The earlier score, Italian composer Alessandro Scarlatti’s 1704 oratorio “Humanita e Lucifero” (“Humanity and the Devil”) for two solo voices and small instrumental ensemble, had the happier ending. Written for a church service in a series of recitatives (sung speeches) and arias, it would have been interrupted by a sermon presenting the moral of the story. The goodness of the newborn Virgin Mary, representing humanity, vanquishes the evil of Lucifer, the Devil.
Kristen Watson’s clarion soprano found both tenderness and strength in Mary, while Frank Kelley’s florid tenor gave Lucifer a comic swagger that entertainingly foretold his opponent’s victory. Daniel Stepner on violin led the ensemble in a buoyant account, and his “free translation” of the anonymous text (recitatives were sung in English, arias in Italian) was helpfully readable in the dim house lighting.
Igor Stravinsky’s 1918 theater piece “L’Histoire du Soldat” (“The Soldier’s Tale”) is based on a Russian folktale about a soldier who trades his fiddle to the devil (in disguise) for material wealth. Written for three actors, a dancer, and, according to Stepner’s program notes, “a rag-tag village band – a sort of Klezmer ensemble,” Swiss writer C. F. Ramuz’s original French text invites translation for local productions.

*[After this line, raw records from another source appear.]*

(* A vertex of a monotonous quiver is phylogenetic if and only if it is normal and has finite height.
   Context: A quiver consists of a class of vertices and, for each ordered pair of vertices $(A,B)$, a set of edges $A\to B$ (loops and multiple edges allowed). An evolution of length $m\ge 0$ is a sequence $A_0\leftarrow A_1\leftarrow\cdots\leftarrow A_m$ of vertices together with edges $A_k\to A_{k-1}$ ($1\le k\le m$); $A_0$ is its initial and $A_m$ its terminal vertex. Write $A\le B$ ($A$ is an ancestor of $B$) if there is an evolution with initial vertex $A$ and terminal vertex $B$; $A,B$ are isotypic ($A\sim B$) if $A\le B$ and $B\le A$. A vertex $A$ is primitive if every ancestor of $A$ is isotypic to $A$. A full evolution for $X$ is an evolution with primitive initial vertex and terminal vertex $X$. The height $h(X)$ is the smallest length of a full evolution for $X$ ($\infty$ if none). A vertex $A_k$ ($0\le k<m$) of an evolution $A_0\leftarrow\cdots\leftarrow A_m$ is critical if $h(A_k)<\infty$ and $h(A_{k+1})=h(A_k)+1$. The critical ancestors of a vertex $B$ are the critical vertices of full evolutions terminating at $B$. $B$ is normal if any two critical ancestors of $B$ of equal height are isotypic. An evolution $\alpha=(A_0\leftarrow\cdots\leftarrow A_m)$ embeds in $\beta=(B_0\leftarrow\cdots\leftarrow B_n)$ if $m\le n$ and there are $0\le r_0<\cdots<r_m\le n$ with $A_k\sim B_{r_k}$. A universal evolution for $X$ is a full evolution for $X$ embedding in every full evolution for $X$; $X$ is phylogenetic if one exists. A quiver is monotonous if $h(A)\ge h(B)$ for every edge $A\to B$. *)

theory Defs
  imports Main "HOL-Library.Extended_Nat"
begin

text \<open>A quiver: vertices of type 'v, and for each ordered pair (A,B) a set
  E A B :: 'e set of edges A \<rightarrow> B.\<close>

definition evolution :: "('v \<Rightarrow> 'v \<Rightarrow> 'e set) \<Rightarrow> 'v list \<Rightarrow> 'e list \<Rightarrow> bool" where
  "evolution E vs es \<longleftrightarrow> vs \<noteq> [] \<and> length es + 1 = length vs \<and>
     (\<forall>k. 1 \<le> k \<and> k < length vs \<longrightarrow> es ! (k - 1) \<in> E (vs ! k) (vs ! (k - 1)))"

definition evo_len :: "'v list \<Rightarrow> nat" where
  "evo_len vs = length vs - 1"

definition ancestor :: "('v \<Rightarrow> 'v \<Rightarrow> 'e set) \<Rightarrow> 'v \<Rightarrow> 'v \<Rightarrow> bool" where
  "ancestor E A B \<longleftrightarrow> (\<exists>vs es. evolution E vs es \<and> hd vs = A \<and> last vs = B)"

definition isotypic :: "('v \<Rightarrow> 'v \<Rightarrow> 'e set) \<Rightarrow> 'v \<Rightarrow> 'v \<Rightarrow> bool" where
  "isotypic E A B \<longleftrightarrow> ancestor E A B \<and> ancestor E B A"

definition primitive :: "('v \<Rightarrow> 'v \<Rightarrow> 'e set) \<Rightarrow> 'v \<Rightarrow> bool" where
  "primitive E A \<longleftrightarrow> (\<forall>B. ancestor E B A \<longrightarrow> isotypic E B A)"

definition full_evolution :: "('v \<Rightarrow> 'v \<Rightarrow> 'e set) \<Rightarrow> 'v \<Rightarrow> 'v list \<Rightarrow> 'e list \<Rightarrow> bool" where
  "full_evolution E X vs es \<longleftrightarrow> evolution E vs es \<and> primitive E (hd vs) \<and> last vs = X"

definition height :: "('v \<Rightarrow> 'v \<Rightarrow> 'e set) \<Rightarrow> 'v \<Rightarrow> enat" where
  "height E X = (INF vs \<in> {vs. \<exists>es. full_evolution E X vs es}. enat (evo_len vs))"

definition critical :: "('v \<Rightarrow> 'v \<Rightarrow> 'e set) \<Rightarrow> 'v list \<Rightarrow> nat \<Rightarrow> bool" where
  "critical E vs k \<longleftrightarrow> k < evo_len vs \<and> height E (vs ! k) < \<infinity> \<and>
     height E (vs ! (k + 1)) = height E (vs ! k) + 1"

definition critical_ancestors :: "('v \<Rightarrow> 'v \<Rightarrow> 'e set) \<Rightarrow> 'v \<Rightarrow> 'v set" where
  "critical_ancestors E B =
     {vs ! k | vs es k. full_evolution E B vs es \<and> critical E vs k}"

definition normal :: "('v \<Rightarrow> 'v \<Rightarrow> 'e set) \<Rightarrow> 'v \<Rightarrow> bool" where
  "normal E B \<longleftrightarrow> (\<forall>C \<in> critical_ancestors E B. \<forall>D \<in> critical_ancestors E B.
      height E C = height E D \<longrightarrow> isotypic E C D)"

definition embeds :: "('v \<Rightarrow> 'v \<Rightarrow> 'e set) \<Rightarrow> 'v list \<Rightarrow> 'v list \<Rightarrow> bool" where
  "embeds E as bs \<longleftrightarrow> evo_len as \<le> evo_len bs \<and>
     (\<exists>r :: nat \<Rightarrow> nat. (\<forall>i j. i < j \<and> j \<le> evo_len as \<longrightarrow> r i < r j) \<and>
        (\<forall>k \<le> evo_len as. r k \<le> evo_len bs \<and> isotypic E (as ! k) (bs ! (r k))))"

definition universal_evolution :: "('v \<Rightarrow> 'v \<Rightarrow> 'e set) \<Rightarrow> 'v \<Rightarrow> 'v list \<Rightarrow> 'e list \<Rightarrow> bool" where
  "universal_evolution E X vs es \<longleftrightarrow> full_evolution E X vs es \<and>
     (\<forall>ws fs. full_evolution E X ws fs \<longrightarrow> embeds E vs ws)"

definition phylogenetic :: "('v \<Rightarrow> 'v \<Rightarrow> 'e set) \<Rightarrow> 'v \<Rightarrow> bool" where
  "phylogenetic E X \<longleftrightarrow> (\<exists>vs es. universal_evolution E X vs es)"

definition monotonous :: "('v \<Rightarrow> 'v \<Rightarrow> 'e set) \<Rightarrow> bool" where
  "monotonous E \<longleftrightarrow> (\<forall>A B. E A B \<noteq> {} \<longrightarrow> height E A \<ge> height E B)"

end

theory Submission
  imports Defs
begin

text \<open>In a monotonous quiver heights never decrease along an evolution and grow by at most one
  per step.  Hence the k-th vertex of a full evolution of minimal length h(X) has height k, and
  every full evolution for X passes from height k to height k+1 at a critical vertex.  If X is
  normal, that critical vertex is isotypic to the k-th vertex of the minimal evolution, which
  therefore embeds into every full evolution.  Conversely, a universal evolution has minimal
  length.  Given a critical ancestor C of height j, splice a minimal full evolution for C in
  front of the part of C's evolution above C; the universal evolution embeds into the result,
  and heights force its j-th vertex onto C itself.\<close>

text \<open>Ancestry, heights, criticality and embeddings depend only on the vertex list of an
  evolution, so we work with vertex lists whose consecutive vertices are joined by some edge.\<close>

definition edge_chain :: "('v \<Rightarrow> 'v \<Rightarrow> 'e set) \<Rightarrow> 'v list \<Rightarrow> bool" where
  "edge_chain E vs \<longleftrightarrow> vs \<noteq> [] \<and> (\<forall>k. Suc k < length vs \<longrightarrow> E (vs ! Suc k) (vs ! k) \<noteq> {})"

definition full_chain :: "('v \<Rightarrow> 'v \<Rightarrow> 'e set) \<Rightarrow> 'v \<Rightarrow> 'v list \<Rightarrow> bool" where
  "full_chain E X vs \<longleftrightarrow> edge_chain E vs \<and> primitive E (hd vs) \<and> last vs = X"

lemma edge_chain_iff_evolution: "edge_chain E vs \<longleftrightarrow> (\<exists>es. evolution E vs es)"
proof
  assume c: "edge_chain E vs"
  define es where "es = map (\<lambda>k. SOME e. e \<in> E (vs ! Suc k) (vs ! k)) [0..<length vs - 1]"
  have "evolution E vs es"
    unfolding evolution_def
  proof (intro conjI allI impI)
    show "vs \<noteq> []" using c edge_chain_def by blast
    then show "length es + 1 = length vs" unfolding es_def by simp
  next
    fix k assume k: "1 \<le> k \<and> k < length vs"
    then obtain i where i: "k = Suc i" by (cases k) auto
    have "E (vs ! Suc i) (vs ! i) \<noteq> {}" using c k i edge_chain_def by blast
    then show "es ! (k - 1) \<in> E (vs ! k) (vs ! (k - 1))"
      unfolding es_def using k i by (simp add: some_in_eq)
  qed
  then show "\<exists>es. evolution E vs es" by blast
next
  assume "\<exists>es. evolution E vs es"
  then obtain es where e: "evolution E vs es" by blast
  show "edge_chain E vs" unfolding edge_chain_def
  proof (intro conjI allI impI)
    show "vs \<noteq> []" using e evolution_def by blast
  next
    fix k assume "Suc k < length vs"
    then have "es ! (Suc k - 1) \<in> E (vs ! Suc k) (vs ! (Suc k - 1))"
      using e unfolding evolution_def by (metis le_add1 plus_1_eq_Suc)
    then show "E (vs ! Suc k) (vs ! k) \<noteq> {}" by auto
  qed
qed

lemma full_chain_iff_full_evolution: "full_chain E X vs \<longleftrightarrow> (\<exists>es. full_evolution E X vs es)"
  unfolding full_evolution_def full_chain_def edge_chain_iff_evolution by blast

lemma ancestor_iff_edge_chain: "ancestor E A B \<longleftrightarrow> (\<exists>vs. edge_chain E vs \<and> hd vs = A \<and> last vs = B)"
  unfolding ancestor_def edge_chain_iff_evolution by blast

lemma height_eq_INF_full_chain: "height E X = (INF vs \<in> {vs. full_chain E X vs}. enat (length vs - 1))"
  unfolding height_def evo_len_def full_chain_iff_full_evolution by simp

lemma edge_chain_singleton: "edge_chain E [a]"
  unfolding edge_chain_def by simp

lemma edge_chain_nonempty: "edge_chain E vs \<Longrightarrow> vs \<noteq> []"
  unfolding edge_chain_def by simp

lemma edge_chain_edge: "edge_chain E vs \<Longrightarrow> Suc k < length vs \<Longrightarrow> E (vs ! Suc k) (vs ! k) \<noteq> {}"
  unfolding edge_chain_def by simp

lemma edge_chain_drop: "edge_chain E vs \<Longrightarrow> n < length vs \<Longrightarrow> edge_chain E (drop n vs)"
  unfolding edge_chain_def by auto

lemma edge_chain_take: "edge_chain E vs \<Longrightarrow> 0 < n \<Longrightarrow> edge_chain E (take n vs)"
  unfolding edge_chain_def by auto

lemma edge_chain_append:
  assumes xs: "edge_chain E xs" and ys: "edge_chain E ys" and link: "E (hd ys) (last xs) \<noteq> {}"
  shows "edge_chain E (xs @ ys)"
  unfolding edge_chain_def
proof (intro conjI allI impI)
  show "xs @ ys \<noteq> []" using xs edge_chain_nonempty by auto
next
  fix k assume k: "Suc k < length (xs @ ys)"
  have "xs \<noteq> []" "ys \<noteq> []" using xs ys edge_chain_nonempty by auto
  consider "Suc k < length xs" | "Suc k = length xs" | "Suc k > length xs" by linarith
  then show "E ((xs @ ys) ! Suc k) ((xs @ ys) ! k) \<noteq> {}"
  proof cases
    case 1
    then show ?thesis using xs edge_chain_edge by (simp add: nth_append)
  next
    case 2
    then have "(xs @ ys) ! Suc k = hd ys" using \<open>ys \<noteq> []\<close> by (simp add: nth_append hd_conv_nth)
    moreover have "(xs @ ys) ! k = last xs"
    proof -
      have "k = length xs - 1" using 2 by simp
      then show ?thesis using \<open>xs \<noteq> []\<close> by (simp add: nth_append last_conv_nth)
    qed
    ultimately show ?thesis using link by simp
  next
    case 3
    then obtain i where i: "k = length xs + i" by (metis less_Suc_eq_le le_Suc_ex)
    have "Suc i < length ys" using k i by simp
    then show ?thesis using ys edge_chain_edge i by (simp add: nth_append)
  qed
qed

lemma ancestor_refl: "ancestor E A A"
  unfolding ancestor_iff_edge_chain using edge_chain_singleton by fastforce

lemma ancestor_trans:
  assumes "ancestor E A B" "ancestor E B C" shows "ancestor E A C"
proof -
  obtain xs where x: "edge_chain E xs" "hd xs = A" "last xs = B"
    using assms(1) ancestor_iff_edge_chain by metis
  obtain ys where y: "edge_chain E ys" "hd ys = B" "last ys = C"
    using assms(2) ancestor_iff_edge_chain by metis
  have "xs \<noteq> []" "ys \<noteq> []" using x y edge_chain_nonempty by auto
  show ?thesis
  proof (cases "tl ys = []")
    case True
    then have "C = B" using y \<open>ys \<noteq> []\<close> by (metis last_ConsL list.collapse)
    then show ?thesis using assms(1) by simp
  next
    case False
    then have l: "1 < length ys" using \<open>ys \<noteq> []\<close> by (cases ys) auto
    have "edge_chain E (tl ys)" using edge_chain_drop[OF y(1), of 1] l by (simp add: drop_Suc)
    moreover have "E (hd (tl ys)) (last xs) \<noteq> {}"
      using edge_chain_edge[OF y(1), of 0] l y(2) \<open>ys \<noteq> []\<close> False
      by (simp add: hd_conv_nth nth_tl x(3))
    ultimately have "edge_chain E (xs @ tl ys)" using edge_chain_append x(1) by blast
    moreover have "hd (xs @ tl ys) = A" "last (xs @ tl ys) = C"
      using \<open>xs \<noteq> []\<close> x y False by (simp_all add: last_tl)
    ultimately show ?thesis unfolding ancestor_iff_edge_chain by blast
  qed
qed

lemma isotypic_refl: "isotypic E A A"
  unfolding isotypic_def by (simp add: ancestor_refl)

lemma isotypic_sym: "isotypic E A B \<Longrightarrow> isotypic E B A"
  unfolding isotypic_def by blast

lemma isotypic_trans: "isotypic E A B \<Longrightarrow> isotypic E B C \<Longrightarrow> isotypic E A C"
  unfolding isotypic_def using ancestor_trans[of E A B C] ancestor_trans[of E C B A] by simp

lemma full_chain_nonempty: "full_chain E X vs \<Longrightarrow> vs \<noteq> []"
  by (simp add: full_chain_def edge_chain_def)
lemma (in group) prod_of_comms_split:
  assumes "prod_of_comms G n x"
  obtains a b c where "a \<in> carrier G" "b \<in> carrier G" "prod_of_comms G (n - 1) c"
    "x = commutator G a b \<otimes> c"
proof -
  obtain cs where cs: "length cs \<le> n" "set cs \<subseteq> carrier G \<times> carrier G" "x = comm_prod G cs"
    using assms by (auto simp: prod_of_comms_def)
  show ?thesis
  proof (cases cs)
    case Nil
    have "prod_of_comms G (n - 1) \<one>"
      unfolding prod_of_comms_def by (intro exI[of _ "[]"]) simp
    then show ?thesis
      using cs Nil by (intro that[of \<one> \<one> \<one>]) (auto simp: commutator_def)
  next
    case (Cons ab cs')
    have "prod_of_comms G (n - 1) (comm_prod G cs')"
      using cs Cons unfolding prod_of_comms_def by (intro exI[of _ cs']) auto
    then show ?thesis
      using cs Cons by (intro that[of "fst ab" "snd ab" "comm_prod G cs'"]) auto
  qed
qed

lemma comm_width_le_enat_iff:
  "comm_width G \<le> enat n \<longleftrightarrow> (\<forall>g \<in> derived G (carrier G). prod_of_comms G n g)"
proof
  let ?A = "{enat m | m. \<forall>g \<in> derived G (carrier G). prod_of_comms G m g}"
  assume le: "comm_width G \<le> enat n"
  have cw: "comm_width G = Inf ?A"
    by (simp add: comm_width_def)
  have "?A \<noteq> {}"
  proof
    assume "?A = {}"
    then have "comm_width G = \<infinity>"
      using cw by (metis Inf_empty top_enat_def)
    with le show False
      by simp
  qed
  then obtain x where "x \<in> ?A"
    by blast
  then have "(LEAST y. y \<in> ?A) \<in> ?A"
    by (rule LeastI)
  then have "Inf ?A \<in> ?A"
    unfolding Inf_enat_def using \<open>?A \<noteq> {}\<close> by (simp only: if_False)
  then obtain m where "Inf ?A = enat m" and m: "\<forall>g \<in> derived G (carrier G). prod_of_comms G m g"
    by blast
  with le cw have "m \<le> n"
    by simp
  with m show "\<forall>g \<in> derived G (carrier G). prod_of_comms G n g"
    by (auto intro: prod_of_comms_mono)
next
  assume "\<forall>g \<in> derived G (carrier G). prod_of_comms G n g"
  then show "comm_width G \<le> enat n"
    unfolding comm_width_def by (auto intro: Inf_lower)
qed
(* There exist two $k$-CNF formulae $\phi$ and $\psi$ (for some $k$) such that $\phi$ is satisfiable and $\psi$ is unsatisfiable, but $\phi\sim\psi$, i.e. they cannot be distinguished by the 1-WL test.
   Context: A $k$-CNF formula $\phi=\{C_1,\ldots,C_m\}$ over letters $p_1,\ldots,p_n$ is encoded as a labelled bipartite graph $G_\phi$: constraint nodes $v_1,\ldots,v_m$ (one per clause) labelled $b_i=1-$(number of negative literals in $C_i$); variable nodes $w_1,\ldots,w_n$ (one per letter) all with the same (empty) label; an edge $v_iw_j$ labelled $E_{ij}=1$ if $p_j\in C_i$, $-1$ if $\neg p_j\in C_i$, and no edge if $p_j$ does not occur in $C_i$. The 1-WL colouring of $G_\phi$: initial colours $C^V_0(v)=\mathtt{Colour}^V_0(\text{label}(v))$, $C^W_0(w)=\mathtt{Colour}^W_0(\text{label}(w))$; for $i=1,\ldots,|V\cup W|$, $C^V_i(v)=\mathtt{Colour}^V_i(C^V_{i-1}(v),\{\!\{(C^W_{i-1}(w),E_{vw}) : w\in N(v)\}\!\})$ and $C^W_i(w)=\mathtt{Colour}^W_i(C^W_{i-1}(w),\{\!\{(C^V_{i-1}(v),E_{vw}) : v\in N(w)\}\!\})$, where the $\mathtt{Colour}$ maps are injective into natural numbers not previously used; the output is the final pair of colourings. $\phi\sim\psi$ means that running this procedure on $G_\phi$ and $G_\psi$ gives the same outputs (same colour multisets) for all choices of the injective colouring functions. *)

theory Defs
  imports Main "HOL-Library.Multiset"
begin

text \<open>Literals over letters p_j (j a natural number): (j, True) is p_j, (j, False) is the
negated letter.\<close>

type_synonym lit = "nat \<times> bool"
type_synonym clause = "lit set"

text \<open>phi is a k-CNF formula over the n letters {0..<n}: finitely many clauses, each with
exactly k literals, only using the given letters, and no letter occurring both positively
and negatively in one clause (so that the edge label of the encoding is well defined).\<close>
definition kcnf :: "nat \<Rightarrow> nat \<Rightarrow> clause set \<Rightarrow> bool" where
  "kcnf k n phi \<longleftrightarrow> finite phi \<and>
     (\<forall>C\<in>phi. card C = k \<and> fst ` C \<subseteq> {..<n} \<and> (\<forall>j. \<not> ((j, True) \<in> C \<and> (j, False) \<in> C)))"

definition satisfiable :: "clause set \<Rightarrow> bool" where
  "satisfiable phi \<longleftrightarrow> (\<exists>a :: nat \<Rightarrow> bool. \<forall>C\<in>phi. \<exists>l\<in>C. a (fst l) = snd l)"

text \<open>The labelled bipartite graph G_phi: constraint nodes are the clauses, variable
nodes are the letters 0..<n.\<close>

definition clause_label :: "clause \<Rightarrow> int" where
  "clause_label C = 1 - int (card {l \<in> C. snd l = False})"

definition edge_label :: "clause \<Rightarrow> nat \<Rightarrow> int" where
  "edge_label C j = (if (j, True) \<in> C then 1 else if (j, False) \<in> C then -1 else 0)"

definition occurs :: "nat \<Rightarrow> clause \<Rightarrow> bool" where
  "occurs j C \<longleftrightarrow> (j, True) \<in> C \<or> (j, False) \<in> C"

definition nbrV :: "nat \<Rightarrow> clause \<Rightarrow> nat set" where
  "nbrV n C = {j \<in> {..<n}. occurs j C}"

definition nbrW :: "clause set \<Rightarrow> nat \<Rightarrow> clause set" where
  "nbrW phi j = {C \<in> phi. occurs j C}"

Jack Greenberg vividly rendered the soldier’s shifting emotions, David McFerrin was an alluring, sometimes amusing devil, and DeAnna Pellechia gracefully danced her small role as the soldier’s would-be bride. Kelley, who also directed the powerfully minimal staging, was a droll narrator of Stepner’s up-to-the-minute translation, which tartly echoes current US politics. Again, playing violin, the translator drew sharp-edged performances from the musicians.
As should be clear by now, the real star of this show was Stepner, who is also celebrating his 30th year as Aston Magna’s Artistic Director. The next four weekends promise other enticing Aston Magna concerts, including Clara Schumann (June 30-July 2) and Francois Couperin (July 21-23).